As curries go, it's actually a really simple dish with not a lot of ingredients. Do not make the assumption, however, that this will not be insanely delicious. It's also quite high on the spice barometer, you can dial it back if you like, but I just love the hit of chilli this one brings.
It packs the most amazing flavours - nutty, earthy and quite impossibly fragrant. The first time I cooked this, I didn't actually hold out much hope as I thought it may be a little bland, so made another house favourite, Lamb Madras Curry as a back-up - but we were so enamoured with the Lahore curry, that the Madras didn't even get eaten.
I love the use of chana daal (typical of a Northern Indian & Pakistani style sauces) - it brings such an overt nuttiness to the sauce while helping to thicken the gravy.
Bread or rice? You decide.
The sauce is quite dry, compared to a Southern Indian sauce, which makes it a perfect candidate for the accompaniment of breads instead of rice - it holds its own and is very 'scoopable' if such a word exists?
I do like Basmati though, so on this occasion I served it with rice. Unfortunately, this time no leftovers so I'm just going to have to make it again soon because I'm already sad that there's not a portion in my freezer to hide from anyone.
How to make my Lahore Chicken Curry
- 600 g boneless, skinless chicken thighs (cut into chunks)
- 6 whole black peppercorns
- 1 bay leaf
- 4 cloves
- 100 g Chana Daal (yellow split peas)
- 2 tbsp ghee (or vegetable oil)
- 1 large onion (thinly sliced)
- 4 garlic cloves (chopped)
- 1 tsp salt
- 1 small cinnamon stick
- 2 tsp coriander powder
- 1/2 tsp cayenne pepper
- 1/2 tsp turmeric powder
- Add the chana daal to a pan and cover with around 500ml water. Bring to a boil and simmer gently for 30-40 minutes until soft. Drain them of half their cooking liquid.
- In the meantime, In a large pan, heat the ghee and fry the onions over a moderate heat with the bay leaf, peppercorns and cloves for 5-7 minutes - until golden and soft.
- Add the chicken pieces, garlic, cinnamon, salt, coriander powder, cayenne and turmeric and fry for a further 5 minutes.
- Add 400-500ml warm water, enough to cover the chicken well. Bring this to the boil, reduce heat and simmer for 20 minutes, partially covered.
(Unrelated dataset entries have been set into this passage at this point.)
lemma translate_tile_neg_cancel:
  "translate_tile (- y) (translate_tile y t) = (t :: ('a::euclidean_space, 'l) tile)"
proof -
  have "(\<lambda>(S, \<phi>). (S, \<lambda>z. \<phi> z + - y)) ` (\<lambda>(S, \<phi>). (S, \<lambda>z. \<phi> z + y)) ` cells t = cells t"
    by (force simp: image_image split_def)
  then show ?thesis
    by (simp add: translate_tile_def image_image)
qed

lemma inj_translate_tile: "inj (translate_tile (y::'a::euclidean_space) :: ('a, 'l) tile \<Rightarrow> _)"
  by (metis injI translate_tile_neg_cancel)

lemma Inter_supp_translate_patch:
  assumes "Q \<noteq> {}"
  shows "\<Inter>(supp ` translate_patch y Q) = (\<lambda>z. z + y) ` \<Inter>(supp ` Q)"
proof -
  obtain t where "t \<in> Q" using assms by auto
  then have "(\<lambda>z. z + y) ` \<Inter>(supp ` Q) = (\<Inter>t\<in>Q. (\<lambda>z. z + y) ` supp t)"
    by (intro image_INT[where C = UNIV]) auto
  then show ?thesis
    by (simp add: translate_patch_def supp_translate_tile image_image)
qed

lemma tiling_space_partial_tiling: "T \<in> tiling_space P \<sigma> \<Longrightarrow> partial_tiling T"
  by (simp add: tiling_space_def is_tiling_def)

lemma tiling_space_covers: "T \<in> tiling_space P \<sigma> \<Longrightarrow> \<Union>(supp ` T) = UNIV"
  by (simp add: tiling_space_def is_tiling_def)

lemma partial_tiling_subset: "partial_tiling T \<Longrightarrow> Q \<subseteq> T \<Longrightarrow> partial_tiling Q"
  unfolding partial_tiling_def by (simp add: subset_iff)

lemma partial_tiling_is_tile: "partial_tiling T \<Longrightarrow> t \<in> T \<Longrightarrow> is_tile t"
  unfolding partial_tiling_def by (elim conjE) (rule bspec)

lemma partial_tiling_compact_core:
  assumes "partial_tiling T" "A \<subseteq> T" "A \<noteq> {}"
  shows "compact (\<Inter>(supp ` A))"
  using assms partial_tiling_is_tile by (intro compact_Inter) (auto simp: is_tile_def)

lemma tiling_space_diameter_bound:
  fixes P :: "('a::euclidean_space, 'l) tile set"
  assumes "is_substitution P L \<sigma>"
  obtains d where "d \<ge> 0"
    "\<And>T t u v. T \<in> tiling_space P \<sigma> \<Longrightarrow> t \<in> T \<Longrightarrow> u \<in> supp t \<Longrightarrow> v \<in> supp t \<Longrightarrow> dist u v \<le> d"
proof -
  have "bounded (\<Union>(supp ` P))"
    using assms by (auto intro!: bounded_Union compact_imp_bounded
        simp: is_substitution_def is_tile_def)
  then obtain D where D: "\<And>s z. s \<in> P \<Longrightarrow> z \<in> supp s \<Longrightarrow> norm z \<le> D"
    by (auto simp: bounded_iff)
  have "dist u v \<le> 2 * max D 0"
    if T: "T \<in> tiling_space P \<sigma>" "t \<in> T" and uv: "u \<in> supp t" "v \<in> supp t" for T t u v
  proof -
    obtain s x where "s \<in> P" "t = translate_tile x s"
      using T unfolding tiling_space_def by blast
    then obtain u0 v0 where "u0 \<in> supp s" "v0 \<in> supp s" "u = u0 + x" "v = v0 + x"
      using uv by (auto simp: supp_translate_tile)
    then have "dist u v \<le> norm u0 + norm v0"
      by (simp add: dist_norm norm_triangle_ineq4)
    also have "\<dots> \<le> 2 * max D 0"
      using D[OF \<open>s \<in> P\<close> \<open>u0 \<in> supp s\<close>] D[OF \<open>s \<in> P\<close> \<open>v0 \<in> supp s\<close>] by linarith
    finally show ?thesis .
  qed
  then show ?thesis
    using that[of "2 * max D 0"] by simp
qed

definition cores_separated :: "('a::euclidean_space, 'l) tile set \<Rightarrow> real \<Rightarrow> bool" where
  "cores_separated T \<rho> \<longleftrightarrow> (\<forall>A B. A \<subseteq> T \<longrightarrow> B \<subseteq> T \<longrightarrow> finite A \<longrightarrow> finite B \<longrightarrow>
     \<Inter>(supp ` A) \<noteq> {} \<longrightarrow> \<Inter>(supp ` B) \<noteq> {} \<longrightarrow> \<Inter>(supp ` A) \<inter> \<Inter>(supp ` B) = {} \<longrightarrow>
     \<rho> \<le> setdist (\<Inter>(supp ` A)) (\<Inter>(supp ` B)))"

lemma cores_separatedD:
  assumes "cores_separated T \<rho>" "A \<subseteq> T" "B \<subseteq> T" "finite A" "finite B"
    "\<Inter>(supp ` A) \<noteq> {}" "\<Inter>(supp ` B) \<noteq> {}" "\<Inter>(supp ` A) \<inter> \<Inter>(supp ` B) = {}"
  shows "\<rho> \<le> setdist (\<Inter>(supp ` A)) (\<Inter>(supp ` B))"
  using assms unfolding cores_separated_def by blast

lemma FLC_finitely_many_core_distances:
  fixes \<Omega> :: "('a::euclidean_space, 'l) tile set set"
  assumes "FLC \<Omega>" "R > 0"
  obtains S where "finite S"
    "\<And>T A B x. T \<in> \<Omega> \<Longrightarrow> A \<subseteq> T \<Longrightarrow> B \<subseteq> T \<Longrightarrow> finite A \<Longrightarrow> finite B \<Longrightarrow>
       A \<noteq> {} \<Longrightarrow> B \<noteq> {} \<Longrightarrow> \<Union>(supp ` (A \<union> B)) \<subseteq> cball x R \<Longrightarrow>
       setdist (\<Inter>(supp ` A)) (\<Inter>(supp ` B)) \<in> S"
proof -
  obtain F where "finite F" and F: "\<And>T Q. T \<in> \<Omega> \<Longrightarrow> Q \<subseteq> T \<Longrightarrow> finite Q \<Longrightarrow>
      \<exists>x. \<Union>(supp ` Q) \<subseteq> cball x R \<Longrightarrow> \<exists>Q0\<in>F. \<exists>y. Q = translate_patch y Q0"
    using assms unfolding FLC_def by meson
  define S where "S = (\<lambda>(A0, B0). setdist (\<Inter>(supp ` A0)) (\<Inter>(supp ` B0))) `
      (\<Union>Q0\<in>{Q0\<in>F. finite Q0}. Pow Q0 \<times> Pow Q0)"
  have "finite S"
    unfolding S_def using \<open>finite F\<close> by (intro finite_imageI finite_UN_I) auto
  moreover have "setdist (\<Inter>(supp ` A)) (\<Inter>(supp ` B)) \<in> S"
    if patches: "T \<in> \<Omega>" "A \<subseteq> T" "B \<subseteq> T" "finite A" "finite B"
      and "A \<noteq> {}" "B \<noteq> {}" and small: "\<Union>(supp ` (A \<union> B)) \<subseteq> cball x R" for T A B x
  proof -
    obtain Q0 y where "Q0 \<in> F" and AB: "A \<union> B = translate_patch y Q0"
      using F[of T "A \<union> B"] patches small by auto
    have "finite Q0"
      using AB \<open>finite A\<close> \<open>finite B\<close> inj_translate_tile[of y]
      by (metis finite_Un finite_imageD inj_on_subset subset_UNIV translate_patch_def)
    define A0 where "A0 = {t\<in>Q0. translate_tile y t \<in> A}"
    define B0 where "B0 = {t\<in>Q0. translate_tile y t \<in> B}"
    have A: "A = translate_patch y A0" and B: "B = translate_patch y B0"
      using AB unfolding A0_def B0_def translate_patch_def by auto
    then have "A0 \<noteq> {}" "B0 \<noteq> {}"
      using \<open>A \<noteq> {}\<close> \<open>B \<noteq> {}\<close> by (auto simp: translate_patch_def)
    then have "setdist (\<Inter>(supp ` A)) (\<Inter>(supp ` B)) = setdist (\<Inter>(supp ` A0)) (\<Inter>(supp ` B0))"
      by (simp add: A B Inter_supp_translate_patch setdist_translation)
    then show ?thesis
      unfolding S_def using \<open>Q0 \<in> F\<close> \<open>finite Q0\<close>
      by (intro image_eqI[where x = "(A0, B0)"]) (auto simp: A0_def B0_def)
  qed
  ultimately show ?thesis
    using that by blast
qed

lemma close_cores_in_cball:
  assumes diam: "\<And>t u v. t \<in> A \<union> B \<Longrightarrow> u \<in> supp t \<Longrightarrow> v \<in> supp t \<Longrightarrow> dist u v \<le> d"
    and "a \<in> \<Inter>(supp ` A)" "b \<in> \<Inter>(supp ` B)" "dist a b < 1"
  shows "\<Union>(supp ` (A \<union> B)) \<subseteq> cball a (d + 1)"
proof
  fix z assume "z \<in> \<Union>(supp ` (A \<union> B))"
  then obtain t where t: "t \<in> A \<union> B" "z \<in> supp t" by auto
  show "z \<in> cball a (d + 1)"
  proof (cases "t \<in> A")
    case True
    then show ?thesis
      using diam[OF t(1) _ t(2), of a] assms(2) by auto
  next
    case False
    then have "dist b z \<le> d"
      using diam[OF t(1) _ t(2), of b] assms(3) t(1) by auto
    then show ?thesis
      using dist_triangle[of a z b] assms(4) by simp
  qed
qed
theorem lemma2:
  fixes n :: nat and E :: "nat \<Rightarrow> nat \<Rightarrow> bool" and W :: "nat \<Rightarrow> nat \<Rightarrow> real"
    and \<sigma> :: "nat \<Rightarrow> real" and p :: "nat \<Rightarrow> nat"
  assumes graph: "is_graph n E"
    and conn: "connected_graph n E"
    and Wsym: "\<forall>i\<in>{1..n}. \<forall>j\<in>{1..n}. W i j = W j i"
    and signs: "is_gauge_signs n \<sigma>"
    and balanced: "\<forall>i\<in>{1..n}. \<forall>j\<in>{1..n}.
        mmul n (mmul n (gauge n \<sigma>) (signed_adj E W)) (gauge n \<sigma>) i j \<ge> 0"
    and perm: "bij_betw p {1..n} {1..n}"
    and Pi_ne_I: "\<not> meq n (perm_mat p) idm"
    and fixes_input: "p n = n"
    and commute: "meq n
        (mmul n (perm_mat p) (mmul n (mmul n (gauge n \<sigma>) (signed_lap n (signed_adj E W))) (gauge n \<sigma>)))
        (mmul n (mmul n (mmul n (gauge n \<sigma>) (signed_lap n (signed_adj E W))) (gauge n \<sigma>)) (perm_mat p))"
  shows "\<exists>J :: nat \<Rightarrow> nat \<Rightarrow> real.
    (let Ls = signed_lap n (signed_adj E W);
         Af = Ls;
         Bf = (\<lambda>i. Ls i n)
     in \<not> meq (n - 1) J idm
      \<and> meq (n - 1) (mmul (n - 1) J Af) (mmul (n - 1) Af J)
      \<and> veq (n - 1) (mvec (n - 1) (mtrans J) Bf) Bf
      \<and> (\<forall>(v :: nat \<Rightarrow> real) (lam :: real). veq (n - 1) (mvec (n - 1) Af v) (\<lambda>i. lam * v i) \<longrightarrow>
            veq (n - 1) (mvec (n - 1) Af (mvec (n - 1) J v)) (\<lambda>i. lam * mvec (n - 1) J v i)
          \<and> veq (n - 1) (mvec (n - 1) Af (\<lambda>i. v i - mvec (n - 1) J v i))
                (\<lambda>i. lam * (v i - mvec (n - 1) J v i))))"
proof -
  define Ls where "Ls = signed_lap n (signed_adj E W)"
  define J where "J = signed_perm_mat \<sigma> p"
  have sq: "\<forall>a\<in>{1..n}. \<sigma> a * \<sigma> a = 1"
    using signs unfolding is_gauge_signs_def by force
  have inv: "\<forall>a\<in>{1..n}. \<forall>j\<in>{1..n}. \<sigma> (p a) * Ls (p a) (p j) * \<sigma> (p j) = \<sigma> a * Ls a j * \<sigma> j"
    using perm_mat_commute_gauge_conj_entry[OF perm commute[folded Ls_def]] by blast
  have perm': "bij_betw p {1..n - 1} {1..n - 1}"
    using bij_betw_atLeastAtMost_fixed_last[OF perm fixes_input] .
  have comm: "meq (n - 1) (mmul (n - 1) J Ls) (mmul (n - 1) Ls J)"
    unfolding J_def using perm' sq inv by (intro signed_perm_mat_commute) auto
  have "\<sigma> (p i) * Ls (p i) n = \<sigma> i * Ls i n" if "i \<in> {1..n - 1}" for i
  proof -
    have i: "i \<in> {1..n}" and nn: "n \<in> {1..n}" using that by auto
    have "(\<sigma> (p i) * Ls (p i) n) * \<sigma> n = (\<sigma> i * Ls i n) * \<sigma> n"
      using inv[rule_format, OF i nn] fixes_input by simp
    moreover have "\<sigma> n \<noteq> 0" using sq nn by force
    ultimately show ?thesis by simp
  qed
  then have col: "veq (n - 1) (mvec (n - 1) (mtrans J) (\<lambda>i. Ls i n)) (\<lambda>i. Ls i n)"
    unfolding J_def using perm' sq
    by (intro mtrans_signed_perm_mat_fixed_column) (auto simp: bij_betw_def)
  have "\<not> meq (n - 1) J idm"
    unfolding J_def using Pi_ne_I fixes_input perm sq
    by (intro signed_perm_mat_neq_idm) force+
  with comm col show ?thesis
    unfolding Let_def Ls_def[symmetric]
    by (intro exI[of _ J]) (blast intro: commuting_mat_eigenvector eigenvector_diff)
qed

end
- Add the lentils in their remaining cooking liquid and cook, uncovered for another 20 minutes until the sauce has thickened. Lentils can be a little temperamental and absorb differently so, If it's a little thick, add a touch of water. If it's too thin, let it cook for a little longer. You want a fair amount of sauce, but not too watery. Check seasoning and serve with lots of fluffy basmati rice or a pile of hot roti, chapati or naan.